— Work order —
All entries below are to be returned in full, exactly as they stand.

— Data to use —
lemma gamma_t_deletion_G:
  assumes "0 < a" "v \<in> vert a s"
  shows "gamma_t (vert a s - {v}) (del_vertex_edges (adj a s) v) < gamma_t (vert a s) (adj a s)"
proof -
  obtain K L where KL: "K \<subseteq> anchors s" "card L \<le> card K"
    and td: "total_dominating (vert a s - {v}) (del_vertex_edges (adj a s) v) (L \<union> (anchors s - K))"
    using deletion_witness[OF assms] by blast
  have "gamma_t (vert a s - {v}) (del_vertex_edges (adj a s) v) \<le> card (L \<union> (anchors s - K))"
    using td by (intro gamma_t_le) (simp_all add: vert_def)
  also have "\<dots> \<le> card (anchors s)" using card_exchange_le[OF finite_anchors KL] .
  finally show ?thesis by (simp add: card_anchors gamma_t_G)
qed

lemma degree_Hub: "degree (vert a s) (adj a s) Hub = 7 + 2*a + 2*s"
proof -
  have "{u \<in> vert a s. adj a s Hub u} =
      {X1, X2, Y0} \<union> Pb ` {..<a} \<union> Qb ` {..<a} \<union> P ` {..<s+2} \<union> Q ` {..<s+2}"
    by (auto simp: adj_simps mem_vert)
  moreover have "card ({X1, X2, Y0} \<union> Pb ` {..<a} \<union> Qb ` {..<a} \<union> P ` {..<s+2} \<union> Q ` {..<s+2})
      = 7 + 2*a + 2*s"
    apply (simp add: card_insert_if image_iff)
    apply (subst card_Un_disjoint, simp, simp, blast)+
    apply (simp add: card_image inj_on_def)
    done
  ultimately show ?thesis by (simp add: degree_def)
qed

definition pair_side :: "nat \<Rightarrow> vtx set" where
  "pair_side a = {Hub, Y0, Wa, Ub, Wb} \<union> Pb ` {..<a} \<union> Qb ` {..<a}"

lemma card_pair_side: "card (pair_side a) \<le> 5 + 2*a"
proof -
  have "card (pair_side a) \<le> card {Hub, Y0, Wa, Ub, Wb} + card (Pb ` {..<a}) + card (Qb ` {..<a})"
    using card_Un_le[of "{Hub, Y0, Wa, Ub, Wb} \<union> Pb ` {..<a}" "Qb ` {..<a}"]
      card_Un_le[of "{Hub, Y0, Wa, Ub, Wb}" "Pb ` {..<a}"]
    unfolding pair_side_def by linarith
  also have "\<dots> = 5 + 2*a" by (simp add: card_image inj_on_def)
  finally show ?thesis .
qed

lemma degree_non_hub:
  assumes "v \<noteq> Hub"
  shows "degree (vert a s) (adj a s) v \<le> 5 + 2*a"
proof -
  have side: ?thesis if "\<And>u. adj a s v u \<Longrightarrow> u \<in> pair_side a"
    using degree_le_card[of "pair_side a" "vert a s" "adj a s" v] that card_pair_side[of a]
    by (simp add: pair_side_def)
  have small: ?thesis if "\<And>u. adj a s v u \<Longrightarrow> u \<in> {x1, x2, x3, x4}" for x1 x2 x3 x4
    using degree_le_four[of "vert a s" "adj a s" v x1 x2 x3 x4] that by simp
  show ?thesis
  proof (cases v)
    case X1 then show ?thesis by (intro small[of Hub Ua "P 0" "Q 0"]) (auto simp: adj_simps)
  next
    case X2 then show ?thesis by (intro small[of Hub Ua "P 1" "Q 1"]) (auto simp: adj_simps)
  next
    case Ua then show ?thesis by (intro small[of Wa X1 X2 X2]) (auto simp: adj_simps)
  next
    case Wa then show ?thesis by (intro small[of Ua Y0 Y0 Y0]) (auto simp: adj_simps)
  next
    case (U j) then show ?thesis by (intro small[of "W j" "P j" "P j" "P j"]) (auto simp: adj_simps)
  next
    case (W j) then show ?thesis by (intro small[of "U j" "Q j" "Q j" "Q j"]) (auto simp: adj_simps)
  next
    case (P j) then show ?thesis by (intro small[of Hub "U j" X1 X2]) (auto simp: adj_simps)
  next
    case (Q j) then show ?thesis by (intro small[of Hub "W j" X1 X2]) (auto simp: adj_simps)
  next
    case Y0 then show ?thesis by (intro side) (auto simp: adj_simps pair_side_def)
  next
    case Ub then show ?thesis by (intro side) (auto simp: adj_simps pair_side_def)
  next
    case Wb then show ?thesis by (intro side) (auto simp: adj_simps pair_side_def)
  next
    case (Pb i) then show ?thesis by (intro side) (auto simp: adj_simps pair_side_def)
  next
    case (Qb i) then show ?thesis by (intro side) (auto simp: adj_simps pair_side_def)
  qed (use assms in simp)
qed

(* Every vertex has two distinct neighbours (here a > 0 is needed for Ub and Wb). *)
lemma degree_ge:
  assumes a: "0 < a" and v: "v \<in> vert a s"
  shows "2 \<le> degree (vert a s) (adj a s) v"
proof -
  have two: "2 \<le> degree (vert a s) (adj a s) v"
    if "x \<in> vert a s" "y \<in> vert a s" "x \<noteq> y" "adj a s v x" "adj a s v y" for x y
    using two_le_degree[of "vert a s" x y "adj a s" v] that by (simp add: vert_def)
  show ?thesis
  proof (cases v)
    case Hub then show ?thesis by (intro two[of X1 X2]) (auto simp: adj_simps mem_vert)
  next
    case X1 then show ?thesis by (intro two[of Hub Ua]) (auto simp: adj_simps mem_vert)
  next
    case X2 then show ?thesis by (intro two[of Hub Ua]) (auto simp: adj_simps mem_vert)
  next
    case Y0 then show ?thesis by (intro two[of Hub Wa]) (auto simp: adj_simps mem_vert)
  next
    case Ua then show ?thesis by (intro two[of Wa X1]) (auto simp: adj_simps mem_vert)
  next
    case Wa then show ?thesis by (intro two[of Ua Y0]) (auto simp: adj_simps mem_vert)
  next
    case Ub then show ?thesis using a by (intro two[of Wb "Pb 0"]) (auto simp: adj_simps mem_vert)
  next
    case Wb then show ?thesis using a by (intro two[of Ub "Qb 0"]) (auto simp: adj_simps mem_vert)
  next
    case (Pb i) then show ?thesis using v by (intro two[of Hub Ub]) (auto simp: adj_simps mem_vert)
  next
    case (Qb i) then show ?thesis using v by (intro two[of Hub Wb]) (auto simp: adj_simps mem_vert)
  next
    case (U j) then show ?thesis using v by (intro two[of "W j" "P j"]) (auto simp: adj_simps mem_vert)
  next
    case (W j) then show ?thesis using v by (intro two[of "U j" "Q j"]) (auto simp: adj_simps mem_vert)
  next
    case (P j) then show ?thesis using v by (intro two[of Hub "U j"]) (auto simp: adj_simps mem_vert)
  next
    case (Q j) then show ?thesis using v by (intro two[of Hub "W j"]) (auto simp: adj_simps mem_vert)
  qed
qed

— Answer section —
lemma gamma_t_deletion_G:
  assumes "0 < a" "v \<in> vert a s"
  shows "gamma_t (vert a s - {v}) (del_vertex_edges (adj a s) v) < gamma_t (vert a s) (adj a s)"
proof -
  obtain K L where KL: "K \<subseteq> anchors s" "card L \<le> card K"
    and td: "total_dominating (vert a s - {v}) (del_vertex_edges (adj a s) v) (L \<union> (anchors s - K))"
    using deletion_witness[OF assms] by blast
  have "gamma_t (vert a s - {v}) (del_vertex_edges (adj a s) v) \<le> card (L \<union> (anchors s - K))"
    using td by (intro gamma_t_le) (simp_all add: vert_def)
  also have "\<dots> \<le> card (anchors s)" using card_exchange_le[OF finite_anchors KL] .
  finally show ?thesis by (simp add: card_anchors gamma_t_G)
qed

lemma degree_Hub: "degree (vert a s) (adj a s) Hub = 7 + 2*a + 2*s"
proof -
  have "{u \<in> vert a s. adj a s Hub u} =
      {X1, X2, Y0} \<union> Pb ` {..<a} \<union> Qb ` {..<a} \<union> P ` {..<s+2} \<union> Q ` {..<s+2}"
    by (auto simp: adj_simps mem_vert)
  moreover have "card ({X1, X2, Y0} \<union> Pb ` {..<a} \<union> Qb ` {..<a} \<union> P ` {..<s+2} \<union> Q ` {..<s+2})
      = 7 + 2*a + 2*s"
    apply (simp add: card_insert_if image_iff)
    apply (subst card_Un_disjoint, simp, simp, blast)+
    apply (simp add: card_image inj_on_def)
    done
  ultimately show ?thesis by (simp add: degree_def)
qed

definition pair_side :: "nat \<Rightarrow> vtx set" where
  "pair_side a = {Hub, Y0, Wa, Ub, Wb} \<union> Pb ` {..<a} \<union> Qb ` {..<a}"

lemma card_pair_side: "card (pair_side a) \<le> 5 + 2*a"
proof -
  have "card (pair_side a) \<le> card {Hub, Y0, Wa, Ub, Wb} + card (Pb ` {..<a}) + card (Qb ` {..<a})"
    using card_Un_le[of "{Hub, Y0, Wa, Ub, Wb} \<union> Pb ` {..<a}" "Qb ` {..<a}"]
      card_Un_le[of "{Hub, Y0, Wa, Ub, Wb}" "Pb ` {..<a}"]
    unfolding pair_side_def by linarith
  also have "\<dots> = 5 + 2*a" by (simp add: card_image inj_on_def)
  finally show ?thesis .
qed

lemma degree_non_hub:
  assumes "v \<noteq> Hub"
  shows "degree (vert a s) (adj a s) v \<le> 5 + 2*a"
proof -
  have side: ?thesis if "\<And>u. adj a s v u \<Longrightarrow> u \<in> pair_side a"
    using degree_le_card[of "pair_side a" "vert a s" "adj a s" v] that card_pair_side[of a]
    by (simp add: pair_side_def)
  have small: ?thesis if "\<And>u. adj a s v u \<Longrightarrow> u \<in> {x1, x2, x3, x4}" for x1 x2 x3 x4
    using degree_le_four[of "vert a s" "adj a s" v x1 x2 x3 x4] that by simp
  show ?thesis
  proof (cases v)
    case X1 then show ?thesis by (intro small[of Hub Ua "P 0" "Q 0"]) (auto simp: adj_simps)
  next
    case X2 then show ?thesis by (intro small[of Hub Ua "P 1" "Q 1"]) (auto simp: adj_simps)
  next
    case Ua then show ?thesis by (intro small[of Wa X1 X2 X2]) (auto simp: adj_simps)
  next
    case Wa then show ?thesis by (intro small[of Ua Y0 Y0 Y0]) (auto simp: adj_simps)
  next
    case (U j) then show ?thesis by (intro small[of "W j" "P j" "P j" "P j"]) (auto simp: adj_simps)
  next
    case (W j) then show ?thesis by (intro small[of "U j" "Q j" "Q j" "Q j"]) (auto simp: adj_simps)
  next
    case (P j) then show ?thesis by (intro small[of Hub "U j" X1 X2]) (auto simp: adj_simps)
  next
    case (Q j) then show ?thesis by (intro small[of Hub "W j" X1 X2]) (auto simp: adj_simps)
  next
    case Y0 then show ?thesis by (intro side) (auto simp: adj_simps pair_side_def)
  next
    case Ub then show ?thesis by (intro side) (auto simp: adj_simps pair_side_def)
  next
    case Wb then show ?thesis by (intro side) (auto simp: adj_simps pair_side_def)
  next
    case (Pb i) then show ?thesis by (intro side) (auto simp: adj_simps pair_side_def)
  next
    case (Qb i) then show ?thesis by (intro side) (auto simp: adj_simps pair_side_def)
  qed (use assms in simp)
qed

(* Every vertex has two distinct neighbours (here a > 0 is needed for Ub and Wb). *)
lemma degree_ge:
  assumes a: "0 < a" and v: "v \<in> vert a s"
  shows "2 \<le> degree (vert a s) (adj a s) v"
proof -
  have two: "2 \<le> degree (vert a s) (adj a s) v"
    if "x \<in> vert a s" "y \<in> vert a s" "x \<noteq> y" "adj a s v x" "adj a s v y" for x y
    using two_le_degree[of "vert a s" x y "adj a s" v] that by (simp add: vert_def)
  show ?thesis
  proof (cases v)
    case Hub then show ?thesis by (intro two[of X1 X2]) (auto simp: adj_simps mem_vert)
  next
    case X1 then show ?thesis by (intro two[of Hub Ua]) (auto simp: adj_simps mem_vert)
  next
    case X2 then show ?thesis by (intro two[of Hub Ua]) (auto simp: adj_simps mem_vert)
  next
    case Y0 then show ?thesis by (intro two[of Hub Wa]) (auto simp: adj_simps mem_vert)
  next
    case Ua then show ?thesis by (intro two[of Wa X1]) (auto simp: adj_simps mem_vert)
  next
    case Wa then show ?thesis by (intro two[of Ua Y0]) (auto simp: adj_simps mem_vert)
  next
    case Ub then show ?thesis using a by (intro two[of Wb "Pb 0"]) (auto simp: adj_simps mem_vert)
  next
    case Wb then show ?thesis using a by (intro two[of Ub "Qb 0"]) (auto simp: adj_simps mem_vert)
  next
    case (Pb i) then show ?thesis using v by (intro two[of Hub Ub]) (auto simp: adj_simps mem_vert)
  next
    case (Qb i) then show ?thesis using v by (intro two[of Hub Wb]) (auto simp: adj_simps mem_vert)
  next
    case (U j) then show ?thesis using v by (intro two[of "W j" "P j"]) (auto simp: adj_simps mem_vert)
  next
    case (W j) then show ?thesis using v by (intro two[of "U j" "Q j"]) (auto simp: adj_simps mem_vert)
  next
    case (P j) then show ?thesis using v by (intro two[of Hub "U j"]) (auto simp: adj_simps mem_vert)
  next
    case (Q j) then show ?thesis using v by (intro two[of Hub "W j"]) (auto simp: adj_simps mem_vert)
  qed
qed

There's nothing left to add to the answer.